*What you should do*.
Nothing outside the range below should be printed. Output exactly the lines from the line with "using P st B" to the line with "st] by simp", both included.

(Collection entries)
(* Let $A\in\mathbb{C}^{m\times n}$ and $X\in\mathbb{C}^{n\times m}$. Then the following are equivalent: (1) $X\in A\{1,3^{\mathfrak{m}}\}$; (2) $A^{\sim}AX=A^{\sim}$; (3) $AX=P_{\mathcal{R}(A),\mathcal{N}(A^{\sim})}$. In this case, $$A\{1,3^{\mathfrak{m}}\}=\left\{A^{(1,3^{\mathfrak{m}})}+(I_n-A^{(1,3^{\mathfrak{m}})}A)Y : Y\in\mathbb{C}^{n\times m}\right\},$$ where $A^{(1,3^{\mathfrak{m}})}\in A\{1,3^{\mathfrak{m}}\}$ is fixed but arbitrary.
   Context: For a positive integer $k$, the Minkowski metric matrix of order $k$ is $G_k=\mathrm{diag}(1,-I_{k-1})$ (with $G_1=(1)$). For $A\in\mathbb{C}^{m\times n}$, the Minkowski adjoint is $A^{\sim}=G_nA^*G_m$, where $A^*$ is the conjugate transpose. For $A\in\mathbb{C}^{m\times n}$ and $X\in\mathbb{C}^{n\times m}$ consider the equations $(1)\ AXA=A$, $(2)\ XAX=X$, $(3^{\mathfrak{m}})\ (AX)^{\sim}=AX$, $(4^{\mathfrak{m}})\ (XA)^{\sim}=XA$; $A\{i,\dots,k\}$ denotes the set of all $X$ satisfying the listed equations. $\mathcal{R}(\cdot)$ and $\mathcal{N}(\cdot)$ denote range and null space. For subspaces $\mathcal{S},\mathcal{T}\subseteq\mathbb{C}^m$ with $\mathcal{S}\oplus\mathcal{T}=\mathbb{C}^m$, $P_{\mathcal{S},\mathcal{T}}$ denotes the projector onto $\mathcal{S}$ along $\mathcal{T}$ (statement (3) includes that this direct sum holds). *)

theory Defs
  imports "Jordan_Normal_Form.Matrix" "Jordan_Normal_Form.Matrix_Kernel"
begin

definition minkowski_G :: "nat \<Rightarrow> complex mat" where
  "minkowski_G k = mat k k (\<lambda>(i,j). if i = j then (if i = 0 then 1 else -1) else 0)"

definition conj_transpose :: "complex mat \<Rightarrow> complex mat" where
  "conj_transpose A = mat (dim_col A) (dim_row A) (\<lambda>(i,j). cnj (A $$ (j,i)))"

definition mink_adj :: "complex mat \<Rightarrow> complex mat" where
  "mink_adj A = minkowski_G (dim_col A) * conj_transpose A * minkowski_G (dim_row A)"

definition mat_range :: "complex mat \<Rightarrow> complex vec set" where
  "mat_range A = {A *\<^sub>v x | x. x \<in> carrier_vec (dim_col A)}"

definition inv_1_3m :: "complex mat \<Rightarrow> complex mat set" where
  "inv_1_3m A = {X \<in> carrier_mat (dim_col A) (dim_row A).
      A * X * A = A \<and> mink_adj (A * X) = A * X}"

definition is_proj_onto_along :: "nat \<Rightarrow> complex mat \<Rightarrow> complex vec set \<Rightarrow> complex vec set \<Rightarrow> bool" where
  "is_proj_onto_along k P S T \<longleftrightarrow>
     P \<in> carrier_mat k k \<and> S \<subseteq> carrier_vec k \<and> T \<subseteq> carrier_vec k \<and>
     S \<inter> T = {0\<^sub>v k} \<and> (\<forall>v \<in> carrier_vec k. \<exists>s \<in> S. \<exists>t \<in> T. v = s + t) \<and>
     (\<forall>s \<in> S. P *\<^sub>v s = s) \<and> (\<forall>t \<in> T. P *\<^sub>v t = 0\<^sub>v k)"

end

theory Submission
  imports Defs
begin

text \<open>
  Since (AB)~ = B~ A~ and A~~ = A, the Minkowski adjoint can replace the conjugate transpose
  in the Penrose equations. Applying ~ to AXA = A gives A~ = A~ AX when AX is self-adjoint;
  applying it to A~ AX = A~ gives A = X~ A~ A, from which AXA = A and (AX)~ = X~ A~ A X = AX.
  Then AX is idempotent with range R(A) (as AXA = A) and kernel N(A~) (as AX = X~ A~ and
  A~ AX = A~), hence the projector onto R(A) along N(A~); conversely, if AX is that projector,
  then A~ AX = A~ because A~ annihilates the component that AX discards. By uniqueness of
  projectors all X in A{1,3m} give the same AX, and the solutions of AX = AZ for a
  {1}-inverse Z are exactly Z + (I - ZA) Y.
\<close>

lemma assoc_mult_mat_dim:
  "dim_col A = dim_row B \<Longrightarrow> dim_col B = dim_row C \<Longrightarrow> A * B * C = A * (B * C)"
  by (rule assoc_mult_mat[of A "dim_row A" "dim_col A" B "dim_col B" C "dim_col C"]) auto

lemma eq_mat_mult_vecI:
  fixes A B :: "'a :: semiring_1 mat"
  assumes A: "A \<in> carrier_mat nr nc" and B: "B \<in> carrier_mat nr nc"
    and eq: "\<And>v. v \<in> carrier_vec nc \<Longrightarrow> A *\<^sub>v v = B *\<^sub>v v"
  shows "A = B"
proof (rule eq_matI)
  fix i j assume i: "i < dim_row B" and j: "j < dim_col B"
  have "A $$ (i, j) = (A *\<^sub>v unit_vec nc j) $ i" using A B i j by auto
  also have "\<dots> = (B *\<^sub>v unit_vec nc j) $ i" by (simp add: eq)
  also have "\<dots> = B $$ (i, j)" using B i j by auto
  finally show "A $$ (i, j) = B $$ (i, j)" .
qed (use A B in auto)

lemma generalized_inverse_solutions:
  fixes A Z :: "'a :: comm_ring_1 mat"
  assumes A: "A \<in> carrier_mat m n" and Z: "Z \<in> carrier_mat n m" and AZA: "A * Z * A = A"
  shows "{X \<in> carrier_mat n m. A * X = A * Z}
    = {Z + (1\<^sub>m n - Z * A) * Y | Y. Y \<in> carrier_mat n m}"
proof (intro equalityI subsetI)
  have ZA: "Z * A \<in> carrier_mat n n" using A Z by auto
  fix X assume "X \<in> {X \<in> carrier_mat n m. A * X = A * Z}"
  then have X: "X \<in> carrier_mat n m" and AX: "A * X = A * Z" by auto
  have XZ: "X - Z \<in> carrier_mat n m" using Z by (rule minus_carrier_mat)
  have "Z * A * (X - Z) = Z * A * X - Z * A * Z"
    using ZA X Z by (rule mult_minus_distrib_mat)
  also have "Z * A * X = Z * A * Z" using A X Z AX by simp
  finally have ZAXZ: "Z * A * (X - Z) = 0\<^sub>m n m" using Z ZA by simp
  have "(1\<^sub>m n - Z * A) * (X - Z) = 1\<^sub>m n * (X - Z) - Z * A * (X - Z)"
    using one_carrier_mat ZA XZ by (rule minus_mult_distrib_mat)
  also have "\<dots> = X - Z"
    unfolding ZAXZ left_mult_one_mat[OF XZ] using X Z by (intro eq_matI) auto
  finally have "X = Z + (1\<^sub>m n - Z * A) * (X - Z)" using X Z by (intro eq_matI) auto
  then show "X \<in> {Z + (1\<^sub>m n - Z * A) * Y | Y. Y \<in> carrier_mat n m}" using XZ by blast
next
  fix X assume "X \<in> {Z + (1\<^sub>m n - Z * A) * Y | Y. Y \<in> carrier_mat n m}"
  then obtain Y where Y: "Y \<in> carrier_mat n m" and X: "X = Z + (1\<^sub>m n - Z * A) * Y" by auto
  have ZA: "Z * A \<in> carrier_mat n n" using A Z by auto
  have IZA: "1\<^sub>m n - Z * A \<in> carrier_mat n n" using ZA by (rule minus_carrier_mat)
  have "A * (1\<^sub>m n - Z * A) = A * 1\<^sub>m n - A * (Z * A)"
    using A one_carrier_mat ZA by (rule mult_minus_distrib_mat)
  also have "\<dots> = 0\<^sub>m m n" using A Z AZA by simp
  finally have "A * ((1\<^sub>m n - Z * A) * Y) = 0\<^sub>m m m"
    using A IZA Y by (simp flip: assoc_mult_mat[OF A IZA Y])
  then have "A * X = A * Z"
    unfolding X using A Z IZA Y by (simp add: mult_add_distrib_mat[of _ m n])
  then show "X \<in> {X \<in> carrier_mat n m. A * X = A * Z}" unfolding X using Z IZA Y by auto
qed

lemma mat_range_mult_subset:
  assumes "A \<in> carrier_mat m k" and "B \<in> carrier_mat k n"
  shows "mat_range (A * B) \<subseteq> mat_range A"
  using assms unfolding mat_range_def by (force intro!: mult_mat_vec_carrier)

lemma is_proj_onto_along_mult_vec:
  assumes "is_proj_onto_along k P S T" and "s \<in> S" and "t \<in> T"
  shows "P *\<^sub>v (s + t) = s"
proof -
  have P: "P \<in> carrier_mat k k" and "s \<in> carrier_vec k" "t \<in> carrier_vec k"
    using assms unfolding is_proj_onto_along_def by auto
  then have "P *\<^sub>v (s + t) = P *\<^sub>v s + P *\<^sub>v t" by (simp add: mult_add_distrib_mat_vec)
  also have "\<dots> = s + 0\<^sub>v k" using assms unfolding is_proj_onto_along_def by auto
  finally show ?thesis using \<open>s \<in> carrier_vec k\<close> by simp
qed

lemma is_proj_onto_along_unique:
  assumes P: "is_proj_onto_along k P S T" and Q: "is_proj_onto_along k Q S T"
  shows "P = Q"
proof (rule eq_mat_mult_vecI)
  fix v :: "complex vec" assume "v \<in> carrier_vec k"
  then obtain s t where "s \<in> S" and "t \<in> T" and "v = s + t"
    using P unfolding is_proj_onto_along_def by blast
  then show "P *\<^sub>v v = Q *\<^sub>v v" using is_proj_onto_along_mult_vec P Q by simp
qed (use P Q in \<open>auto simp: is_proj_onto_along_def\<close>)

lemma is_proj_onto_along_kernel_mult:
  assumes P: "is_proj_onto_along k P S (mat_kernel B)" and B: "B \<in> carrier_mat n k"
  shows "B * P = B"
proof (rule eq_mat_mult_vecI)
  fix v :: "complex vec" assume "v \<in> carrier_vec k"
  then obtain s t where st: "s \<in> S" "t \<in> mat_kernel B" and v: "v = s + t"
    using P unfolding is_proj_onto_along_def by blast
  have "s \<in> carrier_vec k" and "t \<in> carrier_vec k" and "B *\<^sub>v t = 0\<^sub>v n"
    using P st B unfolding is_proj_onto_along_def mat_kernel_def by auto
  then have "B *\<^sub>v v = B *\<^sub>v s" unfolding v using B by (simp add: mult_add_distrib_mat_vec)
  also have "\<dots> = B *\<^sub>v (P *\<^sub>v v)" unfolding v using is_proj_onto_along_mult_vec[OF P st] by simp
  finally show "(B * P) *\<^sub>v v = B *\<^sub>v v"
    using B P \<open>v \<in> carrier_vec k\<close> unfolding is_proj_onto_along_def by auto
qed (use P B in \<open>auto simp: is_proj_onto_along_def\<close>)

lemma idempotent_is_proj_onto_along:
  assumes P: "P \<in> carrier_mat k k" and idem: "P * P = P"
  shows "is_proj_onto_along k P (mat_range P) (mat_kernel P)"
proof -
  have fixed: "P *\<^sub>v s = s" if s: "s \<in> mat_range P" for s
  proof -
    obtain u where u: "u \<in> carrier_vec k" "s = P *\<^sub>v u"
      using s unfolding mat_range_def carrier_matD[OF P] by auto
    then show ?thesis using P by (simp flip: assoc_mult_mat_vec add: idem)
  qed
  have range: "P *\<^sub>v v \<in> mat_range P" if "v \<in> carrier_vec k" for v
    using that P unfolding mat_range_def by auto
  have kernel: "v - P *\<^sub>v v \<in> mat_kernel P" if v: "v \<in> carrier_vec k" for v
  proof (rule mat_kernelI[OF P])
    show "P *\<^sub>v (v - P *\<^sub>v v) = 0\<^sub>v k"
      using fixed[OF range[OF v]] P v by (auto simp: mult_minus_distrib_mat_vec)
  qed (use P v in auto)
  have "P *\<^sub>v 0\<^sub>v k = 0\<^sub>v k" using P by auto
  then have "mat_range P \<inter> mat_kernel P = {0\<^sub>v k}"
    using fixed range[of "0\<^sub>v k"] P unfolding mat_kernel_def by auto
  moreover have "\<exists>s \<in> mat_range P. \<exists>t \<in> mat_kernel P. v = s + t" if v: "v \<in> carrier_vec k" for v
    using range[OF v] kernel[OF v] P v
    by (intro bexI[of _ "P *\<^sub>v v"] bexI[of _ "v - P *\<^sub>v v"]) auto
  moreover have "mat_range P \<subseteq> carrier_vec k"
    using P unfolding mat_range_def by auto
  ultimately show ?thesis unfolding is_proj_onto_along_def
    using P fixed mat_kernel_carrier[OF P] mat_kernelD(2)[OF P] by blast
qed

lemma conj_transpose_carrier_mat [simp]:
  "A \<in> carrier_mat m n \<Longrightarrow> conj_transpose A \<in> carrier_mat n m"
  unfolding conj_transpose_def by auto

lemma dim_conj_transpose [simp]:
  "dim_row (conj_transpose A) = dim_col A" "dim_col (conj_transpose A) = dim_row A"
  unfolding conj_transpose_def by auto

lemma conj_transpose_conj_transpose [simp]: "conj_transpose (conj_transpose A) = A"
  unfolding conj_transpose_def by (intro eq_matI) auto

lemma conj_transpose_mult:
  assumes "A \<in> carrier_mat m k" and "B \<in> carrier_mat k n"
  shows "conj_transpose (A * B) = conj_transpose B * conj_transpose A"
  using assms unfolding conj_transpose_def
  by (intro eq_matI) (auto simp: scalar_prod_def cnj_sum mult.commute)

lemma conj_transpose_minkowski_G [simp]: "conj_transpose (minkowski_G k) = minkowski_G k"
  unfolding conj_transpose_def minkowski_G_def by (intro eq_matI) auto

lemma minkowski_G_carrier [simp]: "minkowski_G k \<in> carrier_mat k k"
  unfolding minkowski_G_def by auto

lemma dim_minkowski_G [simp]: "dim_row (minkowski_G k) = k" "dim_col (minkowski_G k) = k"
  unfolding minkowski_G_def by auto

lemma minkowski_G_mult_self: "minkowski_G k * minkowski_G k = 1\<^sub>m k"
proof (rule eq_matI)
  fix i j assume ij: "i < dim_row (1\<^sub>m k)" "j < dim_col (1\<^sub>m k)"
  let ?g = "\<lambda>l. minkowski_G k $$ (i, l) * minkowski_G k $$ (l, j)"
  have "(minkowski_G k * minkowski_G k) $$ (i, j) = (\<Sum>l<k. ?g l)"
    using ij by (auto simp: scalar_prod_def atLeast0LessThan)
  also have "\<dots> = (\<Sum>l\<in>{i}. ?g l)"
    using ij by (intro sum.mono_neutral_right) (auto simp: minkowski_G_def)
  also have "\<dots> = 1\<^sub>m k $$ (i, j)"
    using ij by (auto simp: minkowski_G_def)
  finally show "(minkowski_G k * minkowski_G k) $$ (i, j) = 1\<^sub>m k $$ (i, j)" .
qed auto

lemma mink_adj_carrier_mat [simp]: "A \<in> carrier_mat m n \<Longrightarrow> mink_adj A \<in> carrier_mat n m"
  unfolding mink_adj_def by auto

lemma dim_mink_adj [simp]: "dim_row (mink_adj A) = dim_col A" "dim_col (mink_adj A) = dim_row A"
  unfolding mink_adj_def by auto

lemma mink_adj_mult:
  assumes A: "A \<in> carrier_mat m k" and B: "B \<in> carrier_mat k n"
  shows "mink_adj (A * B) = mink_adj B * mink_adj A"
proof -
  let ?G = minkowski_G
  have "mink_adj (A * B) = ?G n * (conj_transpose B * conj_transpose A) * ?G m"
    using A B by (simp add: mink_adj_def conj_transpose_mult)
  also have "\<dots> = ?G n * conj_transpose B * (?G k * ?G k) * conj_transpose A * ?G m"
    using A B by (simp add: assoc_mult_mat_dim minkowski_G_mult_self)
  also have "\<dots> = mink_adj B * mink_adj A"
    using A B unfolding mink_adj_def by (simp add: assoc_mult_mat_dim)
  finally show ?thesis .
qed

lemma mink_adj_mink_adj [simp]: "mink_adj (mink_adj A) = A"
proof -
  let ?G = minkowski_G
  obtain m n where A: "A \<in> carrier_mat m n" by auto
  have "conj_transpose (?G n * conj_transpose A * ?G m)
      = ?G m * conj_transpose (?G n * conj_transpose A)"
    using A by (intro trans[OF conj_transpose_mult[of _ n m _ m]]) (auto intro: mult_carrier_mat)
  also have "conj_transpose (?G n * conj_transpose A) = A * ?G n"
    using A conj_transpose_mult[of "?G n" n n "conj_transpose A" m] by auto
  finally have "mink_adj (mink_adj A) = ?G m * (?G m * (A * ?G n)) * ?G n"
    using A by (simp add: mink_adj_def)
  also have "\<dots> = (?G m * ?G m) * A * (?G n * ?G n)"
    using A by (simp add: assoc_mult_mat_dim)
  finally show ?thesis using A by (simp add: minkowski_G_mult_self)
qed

*Answer space*.
    using P st B unfolding is_proj_onto_along_def mat_kernel_def by auto
  then have "B *\<^sub>v v = B *\<^sub>v s" unfolding v using B by (simp add: mult_add_distrib_mat_vec)
  also have "\<dots> = B *\<^sub>v (P *\<^sub>v v)" unfolding v using is_proj_onto_along_mult_vec[OF P st] by simp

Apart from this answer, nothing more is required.